In 1997, the Party promulgated a set of disciplinary rules called the “Chinese Communist Party Several Principles on Clean Administration of Government by Party Member Leading Cadres (for Trial Implementation)” (中国共产党党员领导干部廉洁从政若干准则（试行）) (the “1997 Principles”). Article 5 of the 1997 Principles states:
The spouse, children, and spouses of children of leading cadres at or above the level of province (ministry) may not personally engage in business, set up enterprises or work in a wholly foreign-owned enterprise within the region and the subject-matter scope of that leading cadre’s jurisdiction. 省（部）级以上领导干部的配偶、子女及其配偶，不准在该领导干部管辖的地区及管辖的业务范围个人经商办企业和在外商独资企业任职。
Obviously, there are many questions here.

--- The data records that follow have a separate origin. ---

(* Let $\alpha:I\to\mathbb{E}^3$ ($I\subset\mathbb{R}$ an open interval) be a smooth space curve parametrized by arclength $s$ with curvature $\kappa\equiv 1$. Then the tangent indicatrix $T=\alpha'$ of $\alpha$ is a spherical helix if and only if $\det(\alpha^{(3)}(s),\alpha^{(4)}(s),\alpha^{(5)}(s))=0$ for all $s\in I$.
   Context: $\alpha^{(k)}$ denotes the $k$-th derivative of $\alpha$ with respect to arclength, and $\det(u,v,w)$ is the determinant of the $3\times 3$ matrix with columns $u,v,w$. $\{T,N,B\}$ is the Frenet frame of $\alpha$, with $T'=\kappa N$, $N'=-\kappa T+\tau B$, $B'=-\tau N$, where $\tau$ is the torsion. The tangent indicatrix is the curve $s\mapsto T(s)$ on the unit sphere; since $\kappa\equiv1$, $s$ is also an arclength parameter of $T$. A curve is a helix (curve of constant slope) if its unit tangent vector makes a constant angle with a fixed direction; a spherical helix is a helix lying on a sphere. *)

theory Defs
  imports "HOL-Analysis.Analysis"
begin

fun nderiv :: "nat \<Rightarrow> (real \<Rightarrow> 'a::real_normed_vector) \<Rightarrow> real \<Rightarrow> 'a" where
  "nderiv 0 f = f"
| "nderiv (Suc k) f = (\<lambda>t. vector_derivative (nderiv k f) (at t))"

definition smooth_curve_on :: "real set \<Rightarrow> (real \<Rightarrow> 'a::real_normed_vector) \<Rightarrow> bool" where
  "smooth_curve_on I f \<longleftrightarrow> (\<forall>k. \<forall>t\<in>I. nderiv k f differentiable (at t))"

definition det3 :: "real^3 \<Rightarrow> real^3 \<Rightarrow> real^3 \<Rightarrow> real" where
  "det3 u v w = det (transpose (vector [u, v, w] :: real^3^3))"

definition vec_angle :: "real^3 \<Rightarrow> real^3 \<Rightarrow> real" where
  "vec_angle u v = arccos ((u \<bullet> v) / (norm u * norm v))"

definition helix_on :: "real set \<Rightarrow> (real \<Rightarrow> real^3) \<Rightarrow> bool" where
  "helix_on I \<beta> \<longleftrightarrow>
     (\<forall>s\<in>I. vector_derivative \<beta> (at s) \<noteq> 0) \<and>
     (\<exists>u::real^3. u \<noteq> 0 \<and> (\<exists>\<theta>. \<forall>s\<in>I.
        vec_angle (vector_derivative \<beta> (at s) /\<^sub>R norm (vector_derivative \<beta> (at s))) u = \<theta>))"

definition on_sphere :: "real set \<Rightarrow> (real \<Rightarrow> real^3) \<Rightarrow> bool" where
  "on_sphere I \<beta> \<longleftrightarrow> (\<exists>c r. r > 0 \<and> (\<forall>s\<in>I. dist (\<beta> s) c = r))"

definition spherical_helix_on :: "real set \<Rightarrow> (real \<Rightarrow> real^3) \<Rightarrow> bool" where
  "spherical_helix_on I \<beta> \<longleftrightarrow> helix_on I \<beta> \<and> on_sphere I \<beta>"

end

theory Submission
  imports Defs
begin

(* Write T = alpha', N = alpha'', X = alpha''', Y = alpha'''', Z = alpha'''''.
   Since |T| = 1, the tangent indicatrix T lies on the unit sphere and has unit speed |T'| = |N| = 1,
   so T is a spherical helix iff its unit tangent N has constant inner product with some fixed
   nonzero vector u.  Differentiating, N . u is constant iff X, Y, Z are all orthogonal to u.
   If so, X, Y, Z are coplanar and det(X, Y, Z) = 0.  Conversely, the unit relations
   |T| = |N| = 1 force T . X = -1 and T . Y = 0, hence X x Y never vanishes; if moreover
   det(X, Y, Z) = 0 then the derivative X x Z of n = X x Y is parallel to n, so n has constant
   direction u, and X . u = 0 gives that N . u is constant. *)

unbundle cross3_syntax

lemma has_real_derivative_inner:
  assumes "(f has_vector_derivative f') (at s)" "(g has_vector_derivative g') (at s)"
  shows "((\<lambda>s. f s \<bullet> g s) has_real_derivative (f s \<bullet> g' + f' \<bullet> g s)) (at s)"
  using bounded_bilinear.has_vector_derivative[OF bounded_bilinear_inner assms]
  by (simp add: has_real_derivative_iff_has_vector_derivative)

lemma has_vector_derivative_cross:
  assumes "(f has_vector_derivative f') (at s)" "(g has_vector_derivative g') (at s)"
  shows "((\<lambda>s. f s \<times> g s) has_vector_derivative (f s \<times> g' + f' \<times> g s)) (at s)"
proof -
  have "bounded_bilinear cross3"
    using bilinear_conv_bounded_bilinear bilinear_cross by blast
  from bounded_bilinear.has_vector_derivative[OF this assms] show ?thesis by simp
qed

lemma constant_inner_derivative:
  assumes "open I" "s \<in> I" "\<forall>t\<in>I. f t \<bullet> g t = c"
    and "(f has_vector_derivative f') (at s)" "(g has_vector_derivative g') (at s)"
  shows "f s \<bullet> g' + f' \<bullet> g s = 0"
proof -
  have "((\<lambda>_. c) has_real_derivative (f s \<bullet> g' + f' \<bullet> g s)) (at s)"
    using has_field_derivative_transform_within_open[OF has_real_derivative_inner[OF assms(4,5)]
        assms(1,2)] assms(3) by auto
  then show ?thesis using DERIV_const DERIV_unique by blast
qed

lemma orthogonal_fixed_derivative:
  assumes "open I" "\<forall>t\<in>I. f t \<bullet> u = c"
    and "\<And>t. t \<in> I \<Longrightarrow> (f has_vector_derivative f' t) (at t)"
  shows "\<forall>t\<in>I. f' t \<bullet> u = 0"
  using constant_inner_derivative[OF assms(1) _ assms(2) assms(3) has_vector_derivative_const]
  by simp

lemma det3_cross: "det3 u v w = u \<bullet> (v \<times> w)"
  by (simp add: det3_def det_transpose dot_cross_det)

lemma cross_eq_zero_parallel:
  fixes a b :: "real^3"
  assumes "a \<times> b = 0" "a \<noteq> 0"
  shows "b = ((a \<bullet> b) / (a \<bullet> a)) *\<^sub>R a"
proof -
  have "(a \<bullet> a) *\<^sub>R b = (a \<bullet> b) *\<^sub>R a"
    using Lagrange[of a a b] assms(1) by simp
  moreover have "b = inverse (a \<bullet> a) *\<^sub>R ((a \<bullet> a) *\<^sub>R b)" using assms(2) by simp
  ultimately show ?thesis by (simp add: divide_inverse_commute)
qed

lemma orthogonal_common_det3:
  fixes u X Y Z :: "real^3"
  assumes "u \<noteq> 0" "X \<bullet> u = 0" "Y \<bullet> u = 0" "Z \<bullet> u = 0"
  shows "det3 X Y Z = 0"
proof -
  have "u \<times> (Y \<times> Z) = 0" using assms by (simp add: Lagrange inner_commute)
  then have "Y \<times> Z = ((u \<bullet> (Y \<times> Z)) / (u \<bullet> u)) *\<^sub>R u"
    using cross_eq_zero_parallel assms(1) by blast
  then show ?thesis using assms(2) by (metis det3_cross inner_scaleR_right mult_zero_right)
qed

lemma parallel_derivative_constant_direction:
  fixes n :: "real \<Rightarrow> 'a::real_inner"
  assumes "convex I"
    and "\<And>s. s \<in> I \<Longrightarrow> (n has_vector_derivative b s *\<^sub>R n s) (at s)"
    and "\<And>s. s \<in> I \<Longrightarrow> n s \<noteq> 0"
  shows "\<exists>u. \<forall>s\<in>I. sgn (n s) = u"
proof -
  define v where "v t = inverse (norm (n t)) *\<^sub>R n t" for t
  have "(v has_vector_derivative 0) (at s within I)" if s: "s \<in> I" for s
  proof -
    have dn: "(n has_vector_derivative b s *\<^sub>R n s) (at s)" and nz: "n s \<noteq> 0"
      using assms(2,3) s by auto
    have "((\<lambda>t. norm (n t)) has_derivative (\<lambda>h. (h *\<^sub>R b s *\<^sub>R n s) \<bullet> sgn (n s))) (at s)"
      using has_derivative_compose[OF dn[unfolded has_vector_derivative_def]
          has_derivative_norm[OF nz]] by (simp add: o_def)
    moreover have "(\<lambda>h. (h *\<^sub>R b s *\<^sub>R n s) \<bullet> sgn (n s)) = (\<lambda>h. (b s * norm (n s)) * h)"
      using nz by (auto simp: sgn_div_norm dot_square_norm power2_eq_square)
    ultimately have dnorm: "((\<lambda>t. norm (n t)) has_real_derivative b s * norm (n s)) (at s)"
      unfolding has_field_derivative_def by simp
    have "(v has_vector_derivative
        inverse (norm (n s)) *\<^sub>R b s *\<^sub>R n s
        + (- (b s * norm (n s) * inverse (norm (n s) ^ Suc (Suc 0)))) *\<^sub>R n s) (at s)"
      unfolding v_def by (rule has_vector_derivative_scaleR[OF DERIV_inverse_fun[OF dnorm] dn])
        (use nz in simp)
    moreover have "inverse (norm (n s)) *\<^sub>R b s *\<^sub>R n s
        + (- (b s * norm (n s) * inverse (norm (n s) ^ Suc (Suc 0)))) *\<^sub>R n s = 0"
      using nz by (simp add: power2_eq_square field_simps)
    ultimately show ?thesis by (metis has_vector_derivative_at_within)
  qed
  then obtain u where "\<And>s. s \<in> I \<Longrightarrow> v s = u"
    using has_vector_derivative_zero_constant[OF assms(1)] by blast
  then show ?thesis by (auto simp: v_def sgn_div_norm)
qed

lemma spherical_helix_unit_speed_iff:
  fixes T N :: "real \<Rightarrow> real^3"
  assumes "\<forall>s\<in>I. norm (T s) = 1" "\<forall>s\<in>I. norm (N s) = 1"
    and "\<forall>s\<in>I. vector_derivative T (at s) = N s"
  shows "spherical_helix_on I T \<longleftrightarrow> (\<exists>u. u \<noteq> 0 \<and> (\<exists>c. \<forall>s\<in>I. N s \<bullet> u = c))"
proof -
  have sphere: "on_sphere I T"
    unfolding on_sphere_def using assms(1) by (intro exI[of _ 0] exI[of _ 1]) (simp add: dist_norm)
  have "N s \<noteq> 0" and "vec_angle (N s /\<^sub>R norm (N s)) u = arccos (N s \<bullet> u / norm u)"
    if "s \<in> I" for s u
    using assms(2) that by (auto simp: vec_angle_def)
  then have "helix_on I T \<longleftrightarrow> (\<exists>u. u \<noteq> 0 \<and> (\<exists>\<theta>. \<forall>s\<in>I. arccos (N s \<bullet> u / norm u) = \<theta>))"
    using assms(3) unfolding helix_on_def by (simp cong: ball_cong)
  also have "\<dots> \<longleftrightarrow> (\<exists>u. u \<noteq> 0 \<and> (\<exists>c. \<forall>s\<in>I. N s \<bullet> u = c))"
  proof (rule ex_cong1, rule conj_cong, rule refl)
    fix u :: "real^3" assume u: "u \<noteq> 0"
    show "(\<exists>\<theta>. \<forall>s\<in>I. arccos (N s \<bullet> u / norm u) = \<theta>) \<longleftrightarrow> (\<exists>c. \<forall>s\<in>I. N s \<bullet> u = c)"
    proof
      assume "\<exists>\<theta>. \<forall>s\<in>I. arccos (N s \<bullet> u / norm u) = \<theta>"
      then obtain \<theta> where \<theta>: "\<forall>s\<in>I. arccos (N s \<bullet> u / norm u) = \<theta>" by blast
      have "N s \<bullet> u = norm u * cos \<theta>" if s: "s \<in> I" for s
      proof -
        have "\<bar>N s \<bullet> u / norm u\<bar> \<le> 1"
          using Cauchy_Schwarz_ineq2[of "N s" u] assms(2) s u by (simp add: abs_divide)
        then have "cos (arccos (N s \<bullet> u / norm u)) = N s \<bullet> u / norm u" by (rule cos_arccos_abs)
        then show ?thesis using \<theta> s u by simp
      qed
      then show "\<exists>c. \<forall>s\<in>I. N s \<bullet> u = c" by blast
    qed auto
  qed
  finally show ?thesis using sphere by (simp add: spherical_helix_on_def)
qed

- In terms of substance, what does it mean to “engage in business” or “set up enterprises”? The term I’ve translated as “set up” is particularly vague; it just means “do” in a general sense, so it’s overly restrictive to interpret it as just meaning “to establish” in some formal way. Perhaps “to be involved in” is better.
- Does the term “personally” qualify the forbidden activity in any important way? Is it OK to do it through proxies?
- In terms of logical structure, are “engage in business”, “set up enterprises”, and “work in a wholly foreign-owned enterprise” three distinct activities, each of which is prohibited? Or does the lack of a serial comma between “engage in business” and “set up enterprises” suggest that the meaning is ““engage in business by setting up enterprises”? I believe three distinct activities are covered here. In other places – indeed, in Art. 2 of this very regulation – we see a serial comma between “engage in business” and “set up enterprises”, making it likely that they are intended to be distinct activities and that the absence of a serial comma here is just a mistake or is otherwise insignificant. On the other hand, we could also read them as a single activity that essentially captures the idea of investing and getting profits as opposed to simply being a company employee.
- Is the prohibition only against activities that satisfy both criteria of being in the leading cadre’s geographic and subject-matter jurisdiction? I believe this would be a silly interpretation; I translated the relevant conjunction as “and” instead of “or” only to avoid hiding the possible problem, but the correct English translation would be “or”. The grammar of Chinese Party rules is just not so strictly logical as the grammar of English legislation. Clearly what is intended is that where the leading cadre jurisdiction is defined by region, the relatives can’t do business there, and when it’s defined by subject-matter, the relatives can’t do business in that field.
- What’s the enforcement mechanism?
Later the same year, the Party issued a set of implementing measures (《中国共产党党员领导干部廉洁从政若干准则试行》实施办法) (the “1997 Measures”). These explain some of the concepts of Article 5 of the 1997 Principles.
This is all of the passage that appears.